Ever since I was in middle school I knew I wanted to go to college. I wanted to grow up, leave my small town and choose what classes I took at some good school in some big city. Now that the goal has assuredly been met, what with upgrading from my small town of 7,000 residents to Salt Lake City’s 1.1 million and attending a Pac-12 school, is adulthood as cut out and awesome as I anticipated as a kid?
I think it’s safe to say most of us, discovered things aren’t as easy as they seemed when we were young and naive. Many of us have had to make attempts to act and be responsible like an adult because it didn’t come instinctively. It’s a process that we affectionately call ‘adulting’. The question raised then is, are we the only generation that has had to learn how to adult? How did the transition treat the Gen-Xers and the baby boomers? What can we learn from what they went through?
To start, there are more of us actually attending and finishing college than our parents and grandparents. This probably doesn’t come as a surprise to many as the push for more children to go to college has increased since World War II. Now, nearly 30 percent of all millennial men at least have their bachelor’s degree, double the amount of bachelor’s degree holders from the silent generation, born between 1928–1945, according to research from Pew. The increase has been even greater for women, with 36 percent of millennial women having their bachelor’s in comparison to the greatest generation’s 9 percent.
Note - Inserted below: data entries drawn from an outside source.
definition lp_norm :: "real \<Rightarrow> (nat \<Rightarrow> real) \<Rightarrow> real" where
  "lp_norm p x = lp_dist p x (\<lambda>_. 0)"

definition space_M :: "nat set \<Rightarrow> (nat \<Rightarrow> real) set" where
  "space_M N = {\<lambda>_. 0}
     \<union> {(\<lambda>i. (1 / real k) * e_pm k s i) | k s. k \<in> N}
     \<union> {(\<lambda>i. (1 / real k) * e_pm k True i) | k. 1 \<le> k \<and> k \<notin> N}"

definition min_dist :: "('a \<Rightarrow> 'a \<Rightarrow> real) \<Rightarrow> 'a set \<Rightarrow> real" where
  "min_dist d C = Min {d x y | x y. x \<in> C \<and> y \<in> C \<and> x \<noteq> y}"

definition optimal_code :: "('a \<Rightarrow> 'a \<Rightarrow> real) \<Rightarrow> 'a set \<Rightarrow> nat \<Rightarrow> 'a set \<Rightarrow> bool" where
  "optimal_code d M n C \<longleftrightarrow> C \<subseteq> M \<and> finite C \<and> card C = n \<and>
     (\<forall>D. D \<subseteq> M \<and> finite D \<and> card D = n \<longrightarrow> min_dist d D \<le> min_dist d C)"

definition isometry_of :: "('a \<Rightarrow> 'a \<Rightarrow> real) \<Rightarrow> 'a set \<Rightarrow> ('a \<Rightarrow> 'a) \<Rightarrow> bool" where
  "isometry_of d M f \<longleftrightarrow> bij_betw f M M \<and> (\<forall>x\<in>M. \<forall>y\<in>M. d (f x) (f y) = d x y)"

definition unique_up_to_isometry :: "('a \<Rightarrow> 'a \<Rightarrow> real) \<Rightarrow> 'a set \<Rightarrow> nat \<Rightarrow> 'a set \<Rightarrow> bool" where
  "unique_up_to_isometry d M n C \<longleftrightarrow>
     (\<forall>D. optimal_code d M n D \<longrightarrow> (\<exists>f. isometry_of d M f \<and> f ` C = D))"

end

theory Submission
  imports Defs
begin

text \<open>Distinct points of M are supported on distinct single coordinates, so the distance of
  two of them is \<open>(|x|^p + |y|^p)^(1/p)\<close>: a symmetric function of their norms, strictly
  increasing in each. The minimum distance of C is therefore attained by its two points of
  smallest norms \<open>\<mu> \<le> \<nu>\<close>. Any other n-point code D contains a point x outside C, of norm at
  most \<open>\<mu>\<close>, and, by counting, a second point of norm at most \<open>\<nu>\<close>, so it is no better than C.
  If D is optimal too, all its other points have norm at least \<open>\<nu>\<close>; as at most two points of
  M share a norm, counting forces x to have norm \<open>\<mu>\<close> and D to be C with its point of norm
  \<open>\<mu>\<close> exchanged for x, and exchanging two points of equal norm is an isometry of M.\<close>

section \<open>Optimal codes for distances depending only on radii\<close>

lemma finite_min_dist_set:
  "finite D \<Longrightarrow> finite {d x y | x y. x \<in> D \<and> y \<in> D \<and> x \<noteq> y}"
  by (rule finite_subset[of _ "case_prod d ` (D \<times> D)"]) auto

lemma min_dist_le:
  assumes "finite D" "x \<in> D" "y \<in> D" "x \<noteq> y"
  shows "min_dist d D \<le> d x y"
  unfolding min_dist_def using assms by (intro Min_le finite_min_dist_set) auto
lemma (in prob_space) prob_pattern_repeats_le:
  fixes Y :: "('d::finite \<Rightarrow> int) \<Rightarrow> 'a \<Rightarrow> nat"
  assumes Y: "indep_vars (\<lambda>_. count_space UNIV) Y UNIV"
    and \<delta>: "0 \<le> \<delta>" "\<delta> < 1"
    and p: "\<And>w j. w \<in> box (\<lambda>_. 1) L \<Longrightarrow> j \<in> box (\<lambda>_. 0) s \<Longrightarrow>
      \<delta> \<le> prob {\<omega>\<in>space M. Y (\<lambda>i. w i + j i) \<omega> = 0} \<and>
      prob {\<omega>\<in>space M. Y (\<lambda>i. w i + j i) \<omega> = 0} \<le> 1 - \<delta>"
  shows "prob {\<omega>\<in>space M. pattern_repeats L s (\<lambda>n. Y n \<omega>)}
    \<le> real L ^ (2 * CARD('d)) * (1 - \<delta>) powr (real s ^ CARD('d) / 2)"
proof -
  define B :: "('d \<Rightarrow> int) set" where "B = box (\<lambda>_. 1) L"
  define P where "P = {(u, v) \<in> B \<times> B. u \<noteq> v}"
  define E where "E = (\<lambda>(u, v). {\<omega>\<in>space M. same_pattern (\<lambda>n. Y n \<omega>) u v s})"
  have finP: "finite P"
    by (rule finite_subset[of _ "B \<times> B"]) (auto simp: P_def B_def finite_box)
  have [measurable]: "Y n \<in> measurable M (count_space UNIV)" for n
    using Y unfolding indep_vars_def by auto
  have E: "E uv \<in> events" for uv
    unfolding E_def same_pattern_iff_box using finite_box by (cases uv) (simp, measurable)
  have "{\<omega>\<in>space M. pattern_repeats L s (\<lambda>n. Y n \<omega>)} = (\<Union>uv\<in>P. E uv)"
    unfolding pattern_repeats_def P_def E_def B_def by auto
  then have "prob {\<omega>\<in>space M. pattern_repeats L s (\<lambda>n. Y n \<omega>)} \<le> (\<Sum>uv\<in>P. prob (E uv))"
    using finP E by (simp add: measure_UNION_le)
  also have "\<dots> \<le> (\<Sum>uv\<in>P. (1 - \<delta>) powr (real s ^ CARD('d) / 2))"
    unfolding E_def P_def B_def
    by (intro sum_mono) (auto intro!: prob_same_pattern_le[OF Y _ \<delta>] p)
  also have "\<dots> \<le> real (card (B \<times> B)) * (1 - \<delta>) powr (real s ^ CARD('d) / 2)"
  proof -
    have "card P \<le> card (B \<times> B)"
      by (rule card_mono) (auto simp: P_def B_def finite_box)
    then show ?thesis by (simp add: mult_right_mono)
  qed
  also have "\<dots> = real L ^ (2 * CARD('d)) * (1 - \<delta>) powr (real s ^ CARD('d) / 2)"
    unfolding B_def by (simp add: card_cartesian_product card_box power_mult_distrib mult_2 power_add)
  finally show ?thesis .
qed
As a result, the transition from high school teenager to fully integrated member of society involves higher education a lot more than it used to. Between us millennials and our gen-x parents, there’s a 5 percent increase between men and 8 percent increase among women. So, how does this change the way we perceive the transition between adolescence and adulthood? For starters, there’s more for us to handle. As fellow college students, we all understand the shared struggle of what that entails. I’m sure many of us also have to add work and rent on top of that. It’s a reality with a whole slew of new experiences that are thrown on top of us after we get our high school diploma.
We’re now responsible for working our 20 to 40 hours-a-week job to pay for an apartment and food to eat. To those who didn’t attend college after high school, that’s pretty much the extent of their daily struggle. I don’t mean to underestimate the amount of work that goes into going to work for 40 hours a week, but their lives are simpler than the complex animal that ours has become. The transition goes from going to school, going home, going to work, then coming home. Once you clock out, you’re done worrying. All you have to do is make sure you clock in again the following morning, and getting a full night’s sleep is optional.
However, as I’m sure we’re well aware, our lifestyles are never quite that simple. There’s an added pressure of having to worry about assignments, exams, projects and deadlines that we are kept to when getting our degree. The life of an adult can start to seem like a lot when you’re balancing covering somebody else’s shift to get some extra money for bills on top of your thesis that’s due in a couple of weeks.
Financial independence, as a result, has become less of an initial goal for millennial adults. After witnessing the result of what happened with gen-x’s irresponsible spending and accumulation of debt, millennial adults have refrained from setting out and going off to begin a new life without parental support. Anecdotes of millennial adults continuing to live with their parents in their 20s are said as if it’s a sign of millennials being lazy and being coddled while, in reality, it’s a result of not being able to survive in a world where the economy and human drive will allow for a college student to juggle a full-time job, rent and their studies all at once.
Duke • Nov 27, 2019 at 4:41 am
Gen-Xers didn’t have much money to be irresponsible with, so I’m not sure where you got the ignorant notion that we were irresponsible with what money we had.
Don Coinberg • Apr 7, 2018 at 2:49 pm
I’m 34 years old, I went to work full time and school at the same time, I’m still going.
Once you clock out, you’re done worrying”, ok….
There is nothing “simple” about clocking into a job and you don’t stop worrying or focusing on what’s next once your shift is over, from any job. ”
You are not special, I am not special, you just figure it out. Once you’re done with college, your degree, your masters, whatever… jobs don’t just land in your lap. After you’re done at the U, I think you’ll find yourself wanting for your old college days and their “complexity”.
Bob • Apr 4, 2018 at 1:22 pm
This guy sounds like a total beta male soy boy. Go play play video games and cry the world is unfair lol.